Evidence for an essential deglycosylation-independent activity of PNGase in Drosophila melanogaster.

BACKGROUND: Peptide:N-glycanase (PNGase) is an enzyme which releases N-linked glycans from glycopeptides/glycoproteins. This enzyme plays a role in the ER-associated degradation (ERAD) pathway in yeast and mice, but the biological importance of this activity remains unknown. PRINCIPAL FINDINGS: In this study, we characterized the ortholog of cytoplasmic PNGases, PNGase-like (Pngl), in Drosophila melanogaster. Pngl was found to have a molecular weight of approximately 74K and was mainly localized in the cytosol. Pngl lacks a CXXC motif that is critical for enzymatic activity in other species and accordingly did not appear to possess PNGase activity, though it still retains carbohydrate-binding activity. We generated microdeletions in the Pngl locus in order to investigate the functional importance of this protein in vivo. Elimination of Pngl led to a serious developmental delay or arrest during the larval and pupal stages, and surviving mutant adult males and females were frequently sterile. Most importantly, these phenotypes were rescued by ubiquitous expression of Pngl, clearly indicating that those phenotypic consequences were indeed due to the lack of functional Pngl. Interestingly, a putative "catalytic-inactive" mutant could not rescue the growth-delay phenotype, indicating that a biochemical activity of this protein is important for its biological function. CONCLUSION: Pngl was shown to be inevitable for the proper developmental transition and the biochemical properties other than deglycosylation activity is important for its biological function.

The Neurospora peptide:N-glycanase ortholog PNG1 is essential for cell polarity despite its lack of enzymatic activity.

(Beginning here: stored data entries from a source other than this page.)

(* Let $f:\mathbb{R}^n\to\mathbb{R}^m$ be continuous at $\bar x\in\mathbb{R}^n$. Then $f$ is strongly regular around $\bar x$ if and only if $f$ is both linearly open (equivalently, metrically regular) around $\bar x$ and metrically injective around $\bar x$. In this case $\operatorname{inj}(f,\bar x)\ge\operatorname{lop}(f,\bar x)$.
   Context: $B(x,r)$ and $B^\circ(x,r)$ denote closed and open balls. $f$ is linearly open around $\bar x$ if there exist $\alpha>0$ and neighbourhoods $U$ of $\bar x$, $V$ of $f(\bar x)$ with $B^\circ(f(x),\alpha r)\cap V\subseteq f(B^\circ(x,r))$ for all $x\in U$, $r>0$; $\operatorname{lop}(f,\bar x)$ is the supremum of such $\alpha$ ($0$ if none). (Equivalently, $f$ is metrically regular around $\bar x$: there exist $\kappa>0$ and neighbourhoods $U,V$ with $\operatorname{dist}(x,f^{-1}(y))\le\kappa\|y-f(x)\|$ for all $(x,y)\in U\times V$; the infimum of such $\kappa$ is $\operatorname{reg}(f,\bar x)$, and $\operatorname{lop}(f,\bar x)\cdot\operatorname{reg}(f,\bar x)=1$.) $f$ is strongly regular around $\bar x$ if it is linearly open around $\bar x$ and there exist neighbourhoods $U$ of $\bar x$ and $V$ of $f(\bar x)$ such that $f^{-1}(y)\cap U$ is a singleton for every $y\in V$. $f$ is metrically injective around $\bar x$ if there exist $\beta,\delta>0$ with $\|f(x_1)-f(x_2)\|\ge\beta\|x_1-x_2\|$ for all $x_1,x_2\in B(\bar x,\delta)$; $\operatorname{inj}(f,\bar x)$ is the supremum of such $\beta$. *)

theory Defs
  imports "HOL-Analysis.Analysis"
begin

text \<open>A set U is a neighbourhood of x iff x lies in its interior.\<close>

definition lin_open_with :: "('a::euclidean_space \<Rightarrow> 'b::euclidean_space) \<Rightarrow> 'a \<Rightarrow> real \<Rightarrow> bool" where
  "lin_open_with f xbar \<alpha> \<longleftrightarrow> \<alpha> > 0 \<and>
     (\<exists>U V. xbar \<in> interior U \<and> f xbar \<in> interior V \<and>
        (\<forall>x\<in>U. \<forall>r>0. ball (f x) (\<alpha> * r) \<inter> V \<subseteq> f ` ball x r))"

definition linearly_open :: "('a::euclidean_space \<Rightarrow> 'b::euclidean_space) \<Rightarrow> 'a \<Rightarrow> bool" where
  "linearly_open f xbar \<longleftrightarrow> (\<exists>\<alpha>. lin_open_with f xbar \<alpha>)"

definition lop :: "('a::euclidean_space \<Rightarrow> 'b::euclidean_space) \<Rightarrow> 'a \<Rightarrow> ereal" where
  "lop f xbar = (if linearly_open f xbar then Sup {ereal \<alpha> | \<alpha>. lin_open_with f xbar \<alpha>} else 0)"

definition strongly_regular :: "('a::euclidean_space \<Rightarrow> 'b::euclidean_space) \<Rightarrow> 'a \<Rightarrow> bool" where
  "strongly_regular f xbar \<longleftrightarrow> linearly_open f xbar \<and>
     (\<exists>U V. xbar \<in> interior U \<and> f xbar \<in> interior V \<and>
        (\<forall>y\<in>V. \<exists>!x. x \<in> U \<and> f x = y))"

definition metr_inj_with :: "('a::euclidean_space \<Rightarrow> 'b::euclidean_space) \<Rightarrow> 'a \<Rightarrow> real \<Rightarrow> bool" where
  "metr_inj_with f xbar \<beta> \<longleftrightarrow> \<beta> > 0 \<and>
     (\<exists>\<delta>>0. \<forall>x1\<in>cball xbar \<delta>. \<forall>x2\<in>cball xbar \<delta>. norm (f x1 - f x2) \<ge> \<beta> * norm (x1 - x2))"

definition metrically_injective :: "('a::euclidean_space \<Rightarrow> 'b::euclidean_space) \<Rightarrow> 'a \<Rightarrow> bool" where
  "metrically_injective f xbar \<longleftrightarrow> (\<exists>\<beta>. metr_inj_with f xbar \<beta>)"

definition inj_mod :: "('a::euclidean_space \<Rightarrow> 'b::euclidean_space) \<Rightarrow> 'a \<Rightarrow> ereal" where
  "inj_mod f xbar = (if metrically_injective f xbar then Sup {ereal \<beta> | \<beta>. metr_inj_with f xbar \<beta>} else 0)"

end

theory Submission
  imports Defs
begin

text \<open>
  If f is linearly open with modulus \<alpha> and x2 is the only preimage of f x2 near x1, then
  for every r > d(f x1, f x2) / \<alpha> openness yields a preimage of f x2 within distance r of
  x1, which must be x2; hence \<alpha> d(x1, x2) \<le> d(f x1, f x2), i.e. inj(f, x) \<ge> lop(f, x).
  Continuity of f at x is what keeps f x2 inside the neighbourhoods where openness and
  uniqueness hold. Conversely, metric injectivity on a ball gives uniqueness of preimages,
  and linear openness at x gives their existence.
\<close>

lemma lin_open_at_unique_preimage_imp_dist_le:
  fixes f :: "'a::metric_space \<Rightarrow> 'b::metric_space"
  assumes "\<alpha> > 0"
    and open_at: "\<And>r. r > 0 \<Longrightarrow> ball (f x1) (\<alpha> * r) \<inter> V \<subseteq> f ` ball x1 r"
    and "ball x1 \<rho> \<subseteq> U" and "f x2 \<in> V"
    and unique: "\<And>x. x \<in> U \<Longrightarrow> f x = f x2 \<Longrightarrow> x = x2"
    and close: "dist (f x1) (f x2) < \<alpha> * \<rho>"
  shows "\<alpha> * dist x1 x2 \<le> dist (f x1) (f x2)"
proof -
  have "dist x1 x2 \<le> dist (f x1) (f x2) / \<alpha>"
  proof (rule dense_ge_bounded)
    show "dist (f x1) (f x2) / \<alpha> < \<rho>" using close \<open>\<alpha> > 0\<close> by (simp add: field_simps)
  next
    fix r assume r: "dist (f x1) (f x2) / \<alpha> < r" "r < \<rho>"
    moreover have "0 \<le> dist (f x1) (f x2) / \<alpha>" using \<open>\<alpha> > 0\<close> by simp
    ultimately have "r > 0" by linarith
    have "f x2 \<in> ball (f x1) (\<alpha> * r) \<inter> V"
      using r(1) \<open>\<alpha> > 0\<close> \<open>f x2 \<in> V\<close> by (simp add: field_simps)
    then have "f x2 \<in> f ` ball x1 r" by (rule rev_subsetD[OF _ open_at[OF \<open>r > 0\<close>]])
    then obtain x' where x': "x' \<in> ball x1 r" "f x' = f x2" by (auto elim!: imageE)
    have "x' \<in> U" using x'(1) r(2) \<open>ball x1 \<rho> \<subseteq> U\<close> by auto
    then have "x' = x2" using unique x'(2) by blast
    then show "dist x1 x2 \<le> r" using x'(1) by simp
  qed
  then show ?thesis using \<open>\<alpha> > 0\<close> by (simp add: field_simps)
qed

lemma strongly_regular_lin_open_with_imp_metr_inj_with:
  fixes f :: "'a::euclidean_space \<Rightarrow> 'b::euclidean_space"
  assumes cont: "continuous (at xbar) f" and sr: "strongly_regular f xbar"
    and lo: "lin_open_with f xbar \<alpha>"
  shows "metr_inj_with f xbar \<alpha>"
proof -
  obtain U0 V0 where "\<alpha> > 0" "xbar \<in> interior U0" "f xbar \<in> interior V0"
    and open_at: "\<And>x r. x \<in> U0 \<Longrightarrow> r > 0 \<Longrightarrow> ball (f x) (\<alpha> * r) \<inter> V0 \<subseteq> f ` ball x r"
    using lo unfolding lin_open_with_def by blast
  obtain U1 V1 where "xbar \<in> interior U1" "f xbar \<in> interior V1"
    and unique: "\<And>y. y \<in> V1 \<Longrightarrow> \<exists>!x. x \<in> U1 \<and> f x = y"
    using sr unfolding strongly_regular_def by blast
  have "xbar \<in> interior (U0 \<inter> U1)" "f xbar \<in> interior (V0 \<inter> V1)"
    using \<open>xbar \<in> interior U0\<close> \<open>xbar \<in> interior U1\<close>
      \<open>f xbar \<in> interior V0\<close> \<open>f xbar \<in> interior V1\<close> by simp_all
  then obtain \<epsilon> \<eta> where "\<epsilon> > 0" "\<eta> > 0"
    and U: "ball xbar \<epsilon> \<subseteq> U0 \<inter> U1" and V: "ball (f xbar) \<eta> \<subseteq> V0 \<inter> V1"
    using mem_interior by meson
  have "min \<eta> (\<alpha> * \<epsilon> / 4) > 0" using \<open>\<epsilon> > 0\<close> \<open>\<eta> > 0\<close> \<open>\<alpha> > 0\<close> by simp
  then obtain \<delta>0 where "\<delta>0 > 0" and cont_at:
    "\<And>x. dist x xbar < \<delta>0 \<Longrightarrow> dist (f x) (f xbar) < min \<eta> (\<alpha> * \<epsilon> / 4)"
    using cont unfolding continuous_at_eps_delta by blast
  define \<delta> where "\<delta> = min \<delta>0 \<epsilon> / 4"
  have "\<alpha> * norm (x1 - x2) \<le> norm (f x1 - f x2)"
    if x: "x1 \<in> cball xbar \<delta>" "x2 \<in> cball xbar \<delta>" for x1 x2
  proof -
    have near: "dist x1 xbar < \<delta>0" "dist x2 xbar < \<delta>0" "dist x1 xbar < \<epsilon> / 2"
      "dist x2 xbar < \<epsilon>"
      using x \<open>\<delta>0 > 0\<close> \<open>\<epsilon> > 0\<close> unfolding \<delta>_def by (auto simp: dist_commute)
    have f1: "dist (f x1) (f xbar) < \<alpha> * \<epsilon> / 4" and f2: "f x2 \<in> V0" "f x2 \<in> V1"
      using cont_at[OF near(1)] cont_at[OF near(2)] V by (auto simp: dist_commute)
    have close: "dist (f x1) (f x2) < \<alpha> * (\<epsilon> / 2)"
      using dist_triangle2[of "f x1" "f x2" "f xbar"] f1 cont_at[OF near(2)] by simp
    have "ball x1 (\<epsilon> / 2) \<subseteq> ball xbar \<epsilon>"
      using near(3) by (simp add: ball_subset_ball_iff dist_commute)
    then have ball_U1: "ball x1 (\<epsilon> / 2) \<subseteq> U1" and "x1 \<in> U0" and "x2 \<in> U1"
      using U \<open>\<epsilon> > 0\<close> centre_in_ball[of x1 "\<epsilon> / 2"] near(4)
      by (simp_all add: subset_iff dist_commute)
    have "\<alpha> * dist x1 x2 \<le> dist (f x1) (f x2)"
    proof (rule lin_open_at_unique_preimage_imp_dist_le[of \<alpha> f x1 V0 "\<epsilon> / 2" U1 x2])
      show "\<And>x. x \<in> U1 \<Longrightarrow> f x = f x2 \<Longrightarrow> x = x2"
        using unique[OF f2(2)] \<open>x2 \<in> U1\<close> by blast
    qed (use \<open>\<alpha> > 0\<close> open_at \<open>x1 \<in> U0\<close> f2(1) ball_U1 close in auto)
    then show ?thesis by (simp add: dist_norm)
  qed
  moreover have "\<delta> > 0" using \<open>\<delta>0 > 0\<close> \<open>\<epsilon> > 0\<close> unfolding \<delta>_def by simp
  ultimately show ?thesis unfolding metr_inj_with_def using \<open>\<alpha> > 0\<close> by blast
qed

lemma metr_inj_with_imp_inj_on_cball:
  assumes "metr_inj_with f xbar \<beta>"
  obtains \<delta> where "\<delta> > 0" "inj_on f (cball xbar \<delta>)"
proof -
  obtain \<delta> where "\<beta> > 0" "\<delta> > 0" and bound:
    "\<And>x1 x2. x1 \<in> cball xbar \<delta> \<Longrightarrow> x2 \<in> cball xbar \<delta> \<Longrightarrow> \<beta> * norm (x1 - x2) \<le> norm (f x1 - f x2)"
    using assms unfolding metr_inj_with_def by blast
  have "inj_on f (cball xbar \<delta>)"
    using bound \<open>\<beta> > 0\<close> by (intro inj_onI) (fastforce simp: mult_le_0_iff)
  then show thesis using that \<open>\<delta> > 0\<close> by blast
qed

lemma linearly_open_metrically_injective_imp_strongly_regular:
  fixes f :: "'a::euclidean_space \<Rightarrow> 'b::euclidean_space"
  assumes lo: "linearly_open f xbar" and mi: "metrically_injective f xbar"
  shows "strongly_regular f xbar"
proof -
  obtain \<alpha> U0 V0 where "\<alpha> > 0" "xbar \<in> interior U0" "f xbar \<in> interior V0"
    and open_at: "\<And>x r. x \<in> U0 \<Longrightarrow> r > 0 \<Longrightarrow> ball (f x) (\<alpha> * r) \<inter> V0 \<subseteq> f ` ball x r"
    using lo unfolding linearly_open_def lin_open_with_def by blast
  obtain \<delta> where "\<delta> > 0" and inj: "inj_on f (cball xbar \<delta>)"
    using mi metr_inj_with_imp_inj_on_cball unfolding metrically_injective_def by blast
  define V where "V = ball (f xbar) (\<alpha> * \<delta>) \<inter> interior V0"
  have "f xbar \<in> interior V"
    unfolding V_def using \<open>\<alpha> > 0\<close> \<open>\<delta> > 0\<close> \<open>f xbar \<in> interior V0\<close> by (simp add: interior_open)
  moreover have "\<exists>!x. x \<in> cball xbar \<delta> \<and> f x = y" if "y \<in> V" for y
  proof -
    have "y \<in> ball (f xbar) (\<alpha> * \<delta>) \<inter> V0" using that interior_subset unfolding V_def by blast
    also have "\<dots> \<subseteq> f ` ball xbar \<delta>"
      using open_at \<open>\<delta> > 0\<close> \<open>xbar \<in> interior U0\<close> interior_subset by blast
    also have "\<dots> \<subseteq> f ` cball xbar \<delta>" by (intro image_mono ball_subset_cball)
    finally have "y \<in> f ` cball xbar \<delta>" .
    then show ?thesis using inj unfolding inj_on_def by blast
  qed
  moreover have "xbar \<in> interior (cball xbar \<delta>)" using \<open>\<delta> > 0\<close> by simp
  ultimately show ?thesis unfolding strongly_regular_def using lo by blast
qed

theorem mainTheorem4:
  fixes f :: "'a::euclidean_space \<Rightarrow> 'b::euclidean_space" and xbar :: 'a
  assumes "continuous (at xbar) f"
  shows "(strongly_regular f xbar \<longleftrightarrow> linearly_open f xbar \<and> metrically_injective f xbar)
         \<and> (strongly_regular f xbar \<longrightarrow> inj_mod f xbar \<ge> lop f xbar)"
proof -
  have moduli: "lin_open_with f xbar \<alpha> \<Longrightarrow> metr_inj_with f xbar \<alpha>" if "strongly_regular f xbar" for \<alpha>
    using strongly_regular_lin_open_with_imp_metr_inj_with[OF assms that] .
  have lo_mi: "linearly_open f xbar \<and> metrically_injective f xbar" if "strongly_regular f xbar"
    using that moduli[OF that] unfolding strongly_regular_def linearly_open_def metrically_injective_def
    by blast
  have "lop f xbar \<le> inj_mod f xbar" if "strongly_regular f xbar"
    using lo_mi[OF that] moduli[OF that] unfolding lop_def inj_mod_def
    by (auto intro!: Sup_subset_mono)
  then show ?thesis
    using lo_mi linearly_open_metrically_injective_imp_strongly_regular by blast
qed

end
(* Let $M$ be a graded $R$-module. The set $\beta=\{GX_r^{qp.M}\mid r\in h(R)\}$ forms a base for the quasi-Zariski topology on $qp.Spec_g(M)$.
   Context: $R=\bigoplus_{g\in G}R_g$ is a graded commutative ring with identity graded by a group $G$, $h(R)=\bigcup_g R_g$; $M$ is a graded $R$-module, $h(M)$ its homogeneous elements. $Gr(I)$ is the graded radical of a graded ideal $I$. $(K:_RM)=\{r: rM\subseteq K\}$. Graded prime submodule: proper graded $P$ with $rm\in P$ ($r\in h(R), m\in h(M)$) implying $m\in P$ or $r\in(P:_RM)$. $Gr_M(K)$: intersection of graded prime submodules containing $K$ ($M$ if none). Graded primeful property of $K$: for each graded prime $p\supseteq(K:_RM)$ there is a graded prime submodule $P\supseteq K$ with $(P:_RM)=p$. Graded quasi-primary submodule: proper graded $Q$ with $rm\in Q$ ($r\in h(R),m\in h(M)$) implying $r\in Gr((Q:_RM))$ or $m\in Gr_M(Q)$. $qp.Spec_g(M)$: graded quasi-primary submodules with the graded primeful property. $qp\text{-}V_M^g(K)=\{Q\in qp.Spec_g(M): Gr((Q:_RM))\supseteq Gr((K:_RM))\}$; the quasi-Zariski topology has closed sets exactly these. For $r\in h(R)$, $GX_r^{qp.M}=qp.Spec_g(M)\setminus qp\text{-}V_M^g(rM)$. *)

theory Defs
  imports Main "HOL.Modules"
begin

text \<open>The ring R is the whole carrier of a type 'r::comm_ring_1, graded by a
group G (type 'g::group_add, operation written +) via RG g = R_g. The module M is the whole
carrier of a type 'm::ab_group_add with scalar multiplication scale, graded via MG g = M_g.\<close>

definition fin_decomp :: "('g \<Rightarrow> 'a::comm_monoid_add set) \<Rightarrow> 'a \<Rightarrow> ('g \<Rightarrow> 'a) \<Rightarrow> bool" where
  "fin_decomp AG x c \<longleftrightarrow> finite {g. c g \<noteq> 0} \<and> (\<forall>g. c g \<in> AG g) \<and> x = sum c {g. c g \<noteq> 0}"

definition additive_subgroup :: "'a::ab_group_add set \<Rightarrow> bool" where
  "additive_subgroup A \<longleftrightarrow> 0 \<in> A \<and> (\<forall>a\<in>A. \<forall>b\<in>A. a + b \<in> A \<and> - a \<in> A)"

definition graded_ring :: "('g::group_add \<Rightarrow> 'r::comm_ring_1 set) \<Rightarrow> bool" where
  "graded_ring RG \<longleftrightarrow> (\<forall>g. additive_subgroup (RG g))
     \<and> (\<forall>g h. \<forall>a\<in>RG g. \<forall>b\<in>RG h. a * b \<in> RG (g + h))
     \<and> (\<forall>x. \<exists>!c. fin_decomp RG x c)"

definition graded_module :: "('g::group_add \<Rightarrow> 'r::comm_ring_1 set) \<Rightarrow> ('r \<Rightarrow> 'm::ab_group_add \<Rightarrow> 'm) \<Rightarrow> ('g \<Rightarrow> 'm set) \<Rightarrow> bool" where
  "graded_module RG scale MG \<longleftrightarrow> module scale \<and> (\<forall>g. additive_subgroup (MG g))
     \<and> (\<forall>g h. \<forall>a\<in>RG g. \<forall>m\<in>MG h. scale a m \<in> MG (g + h))
     \<and> (\<forall>x. \<exists>!c. fin_decomp MG x c)"

definition homog :: "('g \<Rightarrow> 'a set) \<Rightarrow> 'a set" where
  "homog AG = (\<Union>g. AG g)"

definition is_ideal :: "'r::comm_ring_1 set \<Rightarrow> bool" where
  "is_ideal I \<longleftrightarrow> 0 \<in> I \<and> (\<forall>a\<in>I. \<forall>b\<in>I. a + b \<in> I) \<and> (\<forall>r. \<forall>a\<in>I. r * a \<in> I)"

definition graded_ideal :: "('g \<Rightarrow> 'r::comm_ring_1 set) \<Rightarrow> 'r set \<Rightarrow> bool" where
  "graded_ideal RG I \<longleftrightarrow> is_ideal I \<and> (\<forall>x\<in>I. \<forall>c. fin_decomp RG x c \<longrightarrow> (\<forall>g. c g \<in> I))"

Secretory proteins are subjected to a stringent endoplasmic reticulum-based quality control system that distinguishes aberrant from correctly folded proteins. The cytoplasmic peptide:N-glycanase cleaves oligosaccharides from misfolded glycoproteins and prepares them for degradation by the 26 S proteasome. In contrast to abundant in vitro data on its enzymatic function, the in vivo relevance of peptide:N-glycanase activity remains unclear. Here we show that the PNG1 ortholog from the filamentous ascomycete Neurospora crassa is an essential protein, and its deletion results in strong polarity defects. PNG1 and its predicted binding partner RAD23 have distinct functions in N. crassa and are involved in cell wall integrity and DNA repair, respectively. Moreover, wild type PNG1 has substitutions in essential catalytic amino acids, and its deglycosylation activity is lost. These substitutions are conserved in many PNG1 orthologs of the fungal kingdom, implying a so far unrecognized enzyme-independent function of PNG1 that may only become apparent in highly polar cells such as fungal hyphae.